Of the records that follow, copy only the lines from the line containing "(simp add: norm_minus_commute)" to the line containing "by linarith", both included, exactly as written.

• • • • •

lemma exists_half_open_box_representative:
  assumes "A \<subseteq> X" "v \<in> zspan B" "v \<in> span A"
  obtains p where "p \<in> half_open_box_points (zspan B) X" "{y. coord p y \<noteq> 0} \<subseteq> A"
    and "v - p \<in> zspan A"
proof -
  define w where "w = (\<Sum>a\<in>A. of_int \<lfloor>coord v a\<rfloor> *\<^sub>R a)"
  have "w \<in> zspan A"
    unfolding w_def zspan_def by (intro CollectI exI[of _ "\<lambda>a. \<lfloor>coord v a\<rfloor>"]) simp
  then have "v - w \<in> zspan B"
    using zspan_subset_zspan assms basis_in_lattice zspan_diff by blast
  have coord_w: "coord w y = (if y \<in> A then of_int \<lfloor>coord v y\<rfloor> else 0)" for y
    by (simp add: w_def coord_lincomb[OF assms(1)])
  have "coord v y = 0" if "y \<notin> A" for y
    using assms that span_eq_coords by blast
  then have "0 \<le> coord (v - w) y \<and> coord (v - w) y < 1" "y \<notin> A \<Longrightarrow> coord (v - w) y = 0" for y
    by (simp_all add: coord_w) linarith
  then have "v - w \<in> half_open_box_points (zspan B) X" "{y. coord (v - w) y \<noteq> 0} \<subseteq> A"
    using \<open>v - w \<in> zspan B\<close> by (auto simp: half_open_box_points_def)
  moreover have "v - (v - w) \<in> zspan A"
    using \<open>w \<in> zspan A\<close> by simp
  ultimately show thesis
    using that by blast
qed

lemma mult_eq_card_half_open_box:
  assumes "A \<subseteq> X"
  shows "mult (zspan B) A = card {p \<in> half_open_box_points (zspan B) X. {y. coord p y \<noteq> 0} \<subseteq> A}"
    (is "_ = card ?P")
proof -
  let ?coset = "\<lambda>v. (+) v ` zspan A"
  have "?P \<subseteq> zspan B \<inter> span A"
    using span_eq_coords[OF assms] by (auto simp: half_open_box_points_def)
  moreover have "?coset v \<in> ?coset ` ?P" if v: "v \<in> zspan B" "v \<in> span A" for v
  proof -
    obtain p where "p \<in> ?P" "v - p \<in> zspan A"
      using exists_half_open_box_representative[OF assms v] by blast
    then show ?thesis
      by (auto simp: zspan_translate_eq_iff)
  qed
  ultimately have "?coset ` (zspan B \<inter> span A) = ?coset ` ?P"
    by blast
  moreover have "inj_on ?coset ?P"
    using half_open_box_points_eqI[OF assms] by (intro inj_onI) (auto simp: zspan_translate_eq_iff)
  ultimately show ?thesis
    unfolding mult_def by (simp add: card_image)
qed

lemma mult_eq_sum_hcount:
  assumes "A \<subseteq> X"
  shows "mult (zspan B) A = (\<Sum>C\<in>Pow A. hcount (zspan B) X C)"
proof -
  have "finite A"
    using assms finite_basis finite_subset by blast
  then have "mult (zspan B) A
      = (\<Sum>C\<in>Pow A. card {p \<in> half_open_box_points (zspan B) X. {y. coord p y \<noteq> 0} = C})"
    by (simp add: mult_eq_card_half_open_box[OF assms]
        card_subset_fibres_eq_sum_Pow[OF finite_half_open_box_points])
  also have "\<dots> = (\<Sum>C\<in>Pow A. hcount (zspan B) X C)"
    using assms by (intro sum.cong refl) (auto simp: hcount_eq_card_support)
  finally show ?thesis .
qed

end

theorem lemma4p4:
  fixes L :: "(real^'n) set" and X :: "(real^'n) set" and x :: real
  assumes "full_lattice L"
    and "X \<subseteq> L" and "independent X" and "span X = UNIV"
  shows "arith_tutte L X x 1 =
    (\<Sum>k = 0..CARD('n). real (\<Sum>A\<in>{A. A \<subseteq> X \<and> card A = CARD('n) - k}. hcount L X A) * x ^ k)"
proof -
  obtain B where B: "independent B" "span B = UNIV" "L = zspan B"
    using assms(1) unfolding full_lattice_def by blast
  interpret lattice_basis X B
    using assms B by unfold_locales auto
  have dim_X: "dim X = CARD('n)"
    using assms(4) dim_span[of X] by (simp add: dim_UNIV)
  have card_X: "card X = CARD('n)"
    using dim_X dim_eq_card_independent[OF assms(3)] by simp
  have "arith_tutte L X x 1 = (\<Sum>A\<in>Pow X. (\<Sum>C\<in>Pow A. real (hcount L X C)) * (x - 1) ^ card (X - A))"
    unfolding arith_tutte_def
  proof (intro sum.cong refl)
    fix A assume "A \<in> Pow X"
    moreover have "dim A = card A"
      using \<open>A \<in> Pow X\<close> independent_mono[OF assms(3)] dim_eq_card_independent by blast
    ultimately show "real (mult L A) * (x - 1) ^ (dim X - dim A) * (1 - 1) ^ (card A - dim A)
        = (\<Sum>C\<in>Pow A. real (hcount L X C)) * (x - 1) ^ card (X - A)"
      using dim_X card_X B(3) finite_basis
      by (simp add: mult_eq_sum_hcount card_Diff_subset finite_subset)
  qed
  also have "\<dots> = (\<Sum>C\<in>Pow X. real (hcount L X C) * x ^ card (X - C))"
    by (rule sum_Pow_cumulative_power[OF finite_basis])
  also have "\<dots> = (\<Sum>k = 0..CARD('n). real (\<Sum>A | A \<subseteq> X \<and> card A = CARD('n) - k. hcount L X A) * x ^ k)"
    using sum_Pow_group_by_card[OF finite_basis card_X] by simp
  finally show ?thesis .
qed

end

• • • • •

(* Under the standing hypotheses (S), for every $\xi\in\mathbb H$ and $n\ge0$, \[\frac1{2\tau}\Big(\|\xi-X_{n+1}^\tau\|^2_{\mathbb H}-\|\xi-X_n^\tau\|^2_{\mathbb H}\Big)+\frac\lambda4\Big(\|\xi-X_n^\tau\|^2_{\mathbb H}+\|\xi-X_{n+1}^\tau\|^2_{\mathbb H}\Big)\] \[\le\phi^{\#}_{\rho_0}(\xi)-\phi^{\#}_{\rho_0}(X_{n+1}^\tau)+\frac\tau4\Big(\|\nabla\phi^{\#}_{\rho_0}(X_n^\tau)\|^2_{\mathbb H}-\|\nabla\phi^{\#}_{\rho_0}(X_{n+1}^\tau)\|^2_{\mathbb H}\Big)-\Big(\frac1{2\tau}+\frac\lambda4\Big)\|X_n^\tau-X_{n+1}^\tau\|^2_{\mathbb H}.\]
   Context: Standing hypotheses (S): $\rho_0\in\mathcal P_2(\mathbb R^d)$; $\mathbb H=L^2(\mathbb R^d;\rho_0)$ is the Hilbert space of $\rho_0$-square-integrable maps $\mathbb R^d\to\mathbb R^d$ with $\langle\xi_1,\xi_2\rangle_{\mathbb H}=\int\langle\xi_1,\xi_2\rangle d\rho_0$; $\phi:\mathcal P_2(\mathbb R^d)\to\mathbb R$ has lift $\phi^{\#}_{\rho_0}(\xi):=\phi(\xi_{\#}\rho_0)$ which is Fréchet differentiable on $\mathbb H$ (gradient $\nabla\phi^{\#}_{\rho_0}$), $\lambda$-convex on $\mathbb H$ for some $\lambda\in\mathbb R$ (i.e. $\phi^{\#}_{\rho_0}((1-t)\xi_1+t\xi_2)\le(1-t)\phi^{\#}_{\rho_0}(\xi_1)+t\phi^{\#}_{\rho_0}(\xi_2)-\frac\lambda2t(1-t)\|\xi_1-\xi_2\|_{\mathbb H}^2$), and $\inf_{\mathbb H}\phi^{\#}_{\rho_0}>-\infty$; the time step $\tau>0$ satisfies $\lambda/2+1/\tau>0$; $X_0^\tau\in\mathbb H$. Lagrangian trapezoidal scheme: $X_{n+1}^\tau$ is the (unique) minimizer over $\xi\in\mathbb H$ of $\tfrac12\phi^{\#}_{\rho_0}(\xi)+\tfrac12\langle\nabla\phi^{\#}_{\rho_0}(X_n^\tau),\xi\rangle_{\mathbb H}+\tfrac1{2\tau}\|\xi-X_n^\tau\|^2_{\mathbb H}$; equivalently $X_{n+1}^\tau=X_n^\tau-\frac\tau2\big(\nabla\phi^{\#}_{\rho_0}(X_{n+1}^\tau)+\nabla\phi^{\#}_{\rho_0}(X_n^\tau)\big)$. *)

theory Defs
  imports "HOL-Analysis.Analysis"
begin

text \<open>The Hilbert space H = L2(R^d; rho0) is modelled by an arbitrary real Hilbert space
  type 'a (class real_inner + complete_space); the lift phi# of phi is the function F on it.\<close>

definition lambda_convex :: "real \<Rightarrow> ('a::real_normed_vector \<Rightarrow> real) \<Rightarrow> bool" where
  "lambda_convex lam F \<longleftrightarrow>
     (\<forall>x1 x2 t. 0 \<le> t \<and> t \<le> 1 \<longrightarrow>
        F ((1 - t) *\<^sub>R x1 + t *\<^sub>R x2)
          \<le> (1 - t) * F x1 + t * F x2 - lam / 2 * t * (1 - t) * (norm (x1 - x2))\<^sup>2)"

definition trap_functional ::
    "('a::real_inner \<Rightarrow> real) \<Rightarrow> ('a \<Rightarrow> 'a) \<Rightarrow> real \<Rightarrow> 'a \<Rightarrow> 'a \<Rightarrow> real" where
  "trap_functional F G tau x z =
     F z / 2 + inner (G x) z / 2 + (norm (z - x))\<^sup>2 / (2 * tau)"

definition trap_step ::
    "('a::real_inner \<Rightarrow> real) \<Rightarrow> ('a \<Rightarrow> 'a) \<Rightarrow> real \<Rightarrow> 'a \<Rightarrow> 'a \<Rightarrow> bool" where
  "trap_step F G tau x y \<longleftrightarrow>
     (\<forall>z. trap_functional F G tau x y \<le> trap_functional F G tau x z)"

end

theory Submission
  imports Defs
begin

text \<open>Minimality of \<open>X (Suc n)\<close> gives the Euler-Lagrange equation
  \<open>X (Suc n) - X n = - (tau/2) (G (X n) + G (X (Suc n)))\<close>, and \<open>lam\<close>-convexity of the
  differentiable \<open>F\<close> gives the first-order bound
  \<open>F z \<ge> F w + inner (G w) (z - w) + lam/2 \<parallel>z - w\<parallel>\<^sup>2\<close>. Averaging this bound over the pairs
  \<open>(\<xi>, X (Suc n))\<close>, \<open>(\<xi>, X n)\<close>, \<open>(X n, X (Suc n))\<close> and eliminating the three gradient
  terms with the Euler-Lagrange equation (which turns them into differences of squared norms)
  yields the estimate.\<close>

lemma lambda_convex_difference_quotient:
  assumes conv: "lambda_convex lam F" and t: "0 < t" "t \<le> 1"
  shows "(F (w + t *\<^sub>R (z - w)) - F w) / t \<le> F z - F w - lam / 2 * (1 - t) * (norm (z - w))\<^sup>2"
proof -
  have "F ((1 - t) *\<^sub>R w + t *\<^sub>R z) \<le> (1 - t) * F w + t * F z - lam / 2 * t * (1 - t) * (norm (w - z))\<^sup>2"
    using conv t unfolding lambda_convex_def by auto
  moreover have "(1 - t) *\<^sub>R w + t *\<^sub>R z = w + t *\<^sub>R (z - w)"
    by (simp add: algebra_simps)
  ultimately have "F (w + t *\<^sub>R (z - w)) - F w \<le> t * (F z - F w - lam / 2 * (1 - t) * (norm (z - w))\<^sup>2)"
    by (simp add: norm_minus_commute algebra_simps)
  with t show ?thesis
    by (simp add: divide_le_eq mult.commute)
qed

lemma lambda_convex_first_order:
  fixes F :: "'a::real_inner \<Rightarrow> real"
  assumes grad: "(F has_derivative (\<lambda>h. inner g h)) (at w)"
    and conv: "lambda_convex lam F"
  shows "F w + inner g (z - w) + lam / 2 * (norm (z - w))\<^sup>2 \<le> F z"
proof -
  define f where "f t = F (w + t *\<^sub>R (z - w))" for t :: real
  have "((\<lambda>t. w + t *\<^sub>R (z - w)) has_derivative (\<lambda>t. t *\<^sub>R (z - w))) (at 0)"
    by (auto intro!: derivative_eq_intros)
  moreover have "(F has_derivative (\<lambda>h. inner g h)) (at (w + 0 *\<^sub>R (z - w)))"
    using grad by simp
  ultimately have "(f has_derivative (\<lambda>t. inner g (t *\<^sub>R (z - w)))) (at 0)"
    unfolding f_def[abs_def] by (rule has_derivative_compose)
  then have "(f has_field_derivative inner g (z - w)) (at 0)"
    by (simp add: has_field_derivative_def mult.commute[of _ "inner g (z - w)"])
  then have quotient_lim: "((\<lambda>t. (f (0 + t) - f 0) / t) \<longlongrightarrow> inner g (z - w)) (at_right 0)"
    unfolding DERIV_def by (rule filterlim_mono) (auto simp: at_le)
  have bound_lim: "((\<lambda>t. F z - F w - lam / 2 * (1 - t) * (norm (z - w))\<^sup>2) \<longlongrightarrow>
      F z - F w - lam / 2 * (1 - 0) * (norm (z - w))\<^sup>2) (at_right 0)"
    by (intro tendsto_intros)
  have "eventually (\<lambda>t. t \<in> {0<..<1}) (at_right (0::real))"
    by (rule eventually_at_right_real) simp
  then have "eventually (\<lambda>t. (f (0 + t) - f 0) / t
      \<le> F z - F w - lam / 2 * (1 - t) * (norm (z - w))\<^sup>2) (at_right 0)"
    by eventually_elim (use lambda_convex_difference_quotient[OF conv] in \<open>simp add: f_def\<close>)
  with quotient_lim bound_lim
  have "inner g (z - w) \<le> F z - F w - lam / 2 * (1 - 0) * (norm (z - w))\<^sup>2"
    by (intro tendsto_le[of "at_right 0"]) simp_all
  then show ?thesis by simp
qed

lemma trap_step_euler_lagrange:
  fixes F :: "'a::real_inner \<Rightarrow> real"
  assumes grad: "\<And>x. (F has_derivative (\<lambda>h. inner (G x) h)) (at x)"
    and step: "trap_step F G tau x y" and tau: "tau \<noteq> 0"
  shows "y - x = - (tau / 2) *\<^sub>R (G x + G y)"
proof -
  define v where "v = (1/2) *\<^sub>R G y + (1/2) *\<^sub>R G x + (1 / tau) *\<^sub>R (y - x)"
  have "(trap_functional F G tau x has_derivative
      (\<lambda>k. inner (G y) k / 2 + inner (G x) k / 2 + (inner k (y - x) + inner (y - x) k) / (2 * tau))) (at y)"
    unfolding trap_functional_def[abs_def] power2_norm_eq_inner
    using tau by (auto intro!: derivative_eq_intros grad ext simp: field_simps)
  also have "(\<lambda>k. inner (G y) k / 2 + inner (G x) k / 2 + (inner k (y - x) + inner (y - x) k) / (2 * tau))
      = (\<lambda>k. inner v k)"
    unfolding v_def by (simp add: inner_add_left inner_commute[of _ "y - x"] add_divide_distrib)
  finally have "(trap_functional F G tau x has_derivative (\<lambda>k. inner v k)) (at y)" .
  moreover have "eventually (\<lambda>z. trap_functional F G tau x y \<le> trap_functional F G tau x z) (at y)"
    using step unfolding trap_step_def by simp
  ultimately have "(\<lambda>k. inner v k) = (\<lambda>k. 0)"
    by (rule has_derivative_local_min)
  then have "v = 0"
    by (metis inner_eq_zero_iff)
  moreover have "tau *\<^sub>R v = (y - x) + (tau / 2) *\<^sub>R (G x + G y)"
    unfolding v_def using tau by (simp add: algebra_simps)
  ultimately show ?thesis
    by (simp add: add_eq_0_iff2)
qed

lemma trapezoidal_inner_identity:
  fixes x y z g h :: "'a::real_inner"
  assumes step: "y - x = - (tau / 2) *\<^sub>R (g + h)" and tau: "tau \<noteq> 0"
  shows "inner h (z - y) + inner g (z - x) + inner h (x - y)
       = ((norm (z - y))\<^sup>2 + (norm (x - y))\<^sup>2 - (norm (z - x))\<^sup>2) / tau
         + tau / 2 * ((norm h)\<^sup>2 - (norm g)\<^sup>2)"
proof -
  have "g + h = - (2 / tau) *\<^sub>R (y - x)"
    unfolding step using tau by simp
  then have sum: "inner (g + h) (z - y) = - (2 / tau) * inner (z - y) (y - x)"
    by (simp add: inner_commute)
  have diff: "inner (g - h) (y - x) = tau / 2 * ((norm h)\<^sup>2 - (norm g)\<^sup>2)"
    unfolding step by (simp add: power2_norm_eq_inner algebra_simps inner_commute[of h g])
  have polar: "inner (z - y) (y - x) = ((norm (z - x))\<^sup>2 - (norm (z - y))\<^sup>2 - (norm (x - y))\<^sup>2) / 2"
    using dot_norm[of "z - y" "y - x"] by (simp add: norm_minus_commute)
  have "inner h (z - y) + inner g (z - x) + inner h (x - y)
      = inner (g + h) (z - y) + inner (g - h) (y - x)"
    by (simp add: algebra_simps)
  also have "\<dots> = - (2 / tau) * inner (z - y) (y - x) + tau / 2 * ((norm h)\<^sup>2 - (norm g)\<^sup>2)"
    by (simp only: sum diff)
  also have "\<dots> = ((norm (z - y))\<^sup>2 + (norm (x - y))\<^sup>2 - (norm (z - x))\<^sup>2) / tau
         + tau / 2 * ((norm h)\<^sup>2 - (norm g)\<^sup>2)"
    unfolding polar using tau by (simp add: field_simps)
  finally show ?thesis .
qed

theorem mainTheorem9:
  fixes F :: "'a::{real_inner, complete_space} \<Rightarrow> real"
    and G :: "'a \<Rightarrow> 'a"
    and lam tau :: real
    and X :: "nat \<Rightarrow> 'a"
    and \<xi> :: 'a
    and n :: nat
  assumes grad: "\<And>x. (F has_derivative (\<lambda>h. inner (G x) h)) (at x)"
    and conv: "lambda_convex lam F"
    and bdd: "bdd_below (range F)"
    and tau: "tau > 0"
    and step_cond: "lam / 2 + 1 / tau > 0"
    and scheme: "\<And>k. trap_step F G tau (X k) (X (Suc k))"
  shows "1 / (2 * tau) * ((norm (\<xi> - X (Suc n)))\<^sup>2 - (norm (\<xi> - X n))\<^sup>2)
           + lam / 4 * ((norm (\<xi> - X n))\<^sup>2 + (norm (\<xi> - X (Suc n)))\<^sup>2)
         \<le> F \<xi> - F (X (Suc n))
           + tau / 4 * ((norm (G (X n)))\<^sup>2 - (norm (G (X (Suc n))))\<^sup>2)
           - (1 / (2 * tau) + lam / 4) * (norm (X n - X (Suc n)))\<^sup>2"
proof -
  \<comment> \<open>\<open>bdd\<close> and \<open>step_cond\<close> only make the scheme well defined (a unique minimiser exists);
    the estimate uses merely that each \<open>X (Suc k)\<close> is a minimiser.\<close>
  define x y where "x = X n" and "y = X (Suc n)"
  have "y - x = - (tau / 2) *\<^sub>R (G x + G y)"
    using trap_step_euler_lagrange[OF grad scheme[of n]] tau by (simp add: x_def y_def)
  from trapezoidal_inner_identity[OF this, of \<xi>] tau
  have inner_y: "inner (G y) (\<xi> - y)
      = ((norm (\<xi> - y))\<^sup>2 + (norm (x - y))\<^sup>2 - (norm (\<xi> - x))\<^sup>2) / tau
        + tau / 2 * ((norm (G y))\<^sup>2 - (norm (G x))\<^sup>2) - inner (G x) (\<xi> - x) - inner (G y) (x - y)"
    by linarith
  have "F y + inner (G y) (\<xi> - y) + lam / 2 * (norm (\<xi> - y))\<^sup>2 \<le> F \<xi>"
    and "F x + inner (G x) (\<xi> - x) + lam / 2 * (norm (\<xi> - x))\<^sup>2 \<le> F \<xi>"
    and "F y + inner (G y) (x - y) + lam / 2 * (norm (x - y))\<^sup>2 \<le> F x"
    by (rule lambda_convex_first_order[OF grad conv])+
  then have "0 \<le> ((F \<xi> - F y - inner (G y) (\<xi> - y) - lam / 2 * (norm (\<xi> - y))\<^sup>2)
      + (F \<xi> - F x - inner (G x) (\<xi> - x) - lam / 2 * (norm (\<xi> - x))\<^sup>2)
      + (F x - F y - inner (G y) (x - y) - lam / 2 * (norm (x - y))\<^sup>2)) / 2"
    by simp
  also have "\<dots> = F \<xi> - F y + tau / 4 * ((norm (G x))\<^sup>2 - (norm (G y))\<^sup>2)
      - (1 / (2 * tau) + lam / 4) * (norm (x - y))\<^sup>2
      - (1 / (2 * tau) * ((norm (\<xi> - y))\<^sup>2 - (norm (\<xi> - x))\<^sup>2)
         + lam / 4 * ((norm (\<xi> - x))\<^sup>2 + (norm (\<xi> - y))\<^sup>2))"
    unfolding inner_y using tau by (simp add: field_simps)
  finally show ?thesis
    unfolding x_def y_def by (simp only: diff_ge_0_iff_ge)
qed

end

• • • • •

▸ **ANSWER SPACE**:
    using dot_norm[of "z - y" "y - x"] by (simp add: norm_minus_commute)
  have "inner h (z - y) + inner g (z - x) + inner h (x - y)
      = inner (g + h) (z - y) + inner (g - h) (y - x)"
    by (simp add: algebra_simps)
  also have "\<dots> = - (2 / tau) * inner (z - y) (y - x) + tau / 2 * ((norm h)\<^sup>2 - (norm g)\<^sup>2)"
    by (simp only: sum diff)
  also have "\<dots> = ((norm (z - y))\<^sup>2 + (norm (x - y))\<^sup>2 - (norm (z - x))\<^sup>2) / tau
         + tau / 2 * ((norm h)\<^sup>2 - (norm g)\<^sup>2)"
    unfolding polar using tau by (simp add: field_simps)
  finally show ?thesis .
qed

theorem mainTheorem9:
  fixes F :: "'a::{real_inner, complete_space} \<Rightarrow> real"
    and G :: "'a \<Rightarrow> 'a"
    and lam tau :: real
    and X :: "nat \<Rightarrow> 'a"
    and \<xi> :: 'a
    and n :: nat
  assumes grad: "\<And>x. (F has_derivative (\<lambda>h. inner (G x) h)) (at x)"
    and conv: "lambda_convex lam F"
    and bdd: "bdd_below (range F)"
    and tau: "tau > 0"
    and step_cond: "lam / 2 + 1 / tau > 0"
    and scheme: "\<And>k. trap_step F G tau (X k) (X (Suc k))"
  shows "1 / (2 * tau) * ((norm (\<xi> - X (Suc n)))\<^sup>2 - (norm (\<xi> - X n))\<^sup>2)
           + lam / 4 * ((norm (\<xi> - X n))\<^sup>2 + (norm (\<xi> - X (Suc n)))\<^sup>2)
         \<le> F \<xi> - F (X (Suc n))
           + tau / 4 * ((norm (G (X n)))\<^sup>2 - (norm (G (X (Suc n))))\<^sup>2)
           - (1 / (2 * tau) + lam / 4) * (norm (X n - X (Suc n)))\<^sup>2"
proof -
  \<comment> \<open>\<open>bdd\<close> and \<open>step_cond\<close> only make the scheme well defined (a unique minimiser exists);
    the estimate uses merely that each \<open>X (Suc k)\<close> is a minimiser.\<close>
  define x y where "x = X n" and "y = X (Suc n)"
  have "y - x = - (tau / 2) *\<^sub>R (G x + G y)"
    using trap_step_euler_lagrange[OF grad scheme[of n]] tau by (simp add: x_def y_def)
  from trapezoidal_inner_identity[OF this, of \<xi>] tau
  have inner_y: "inner (G y) (\<xi> - y)
      = ((norm (\<xi> - y))\<^sup>2 + (norm (x - y))\<^sup>2 - (norm (\<xi> - x))\<^sup>2) / tau
        + tau / 2 * ((norm (G y))\<^sup>2 - (norm (G x))\<^sup>2) - inner (G x) (\<xi> - x) - inner (G y) (x - y)"
    by linarith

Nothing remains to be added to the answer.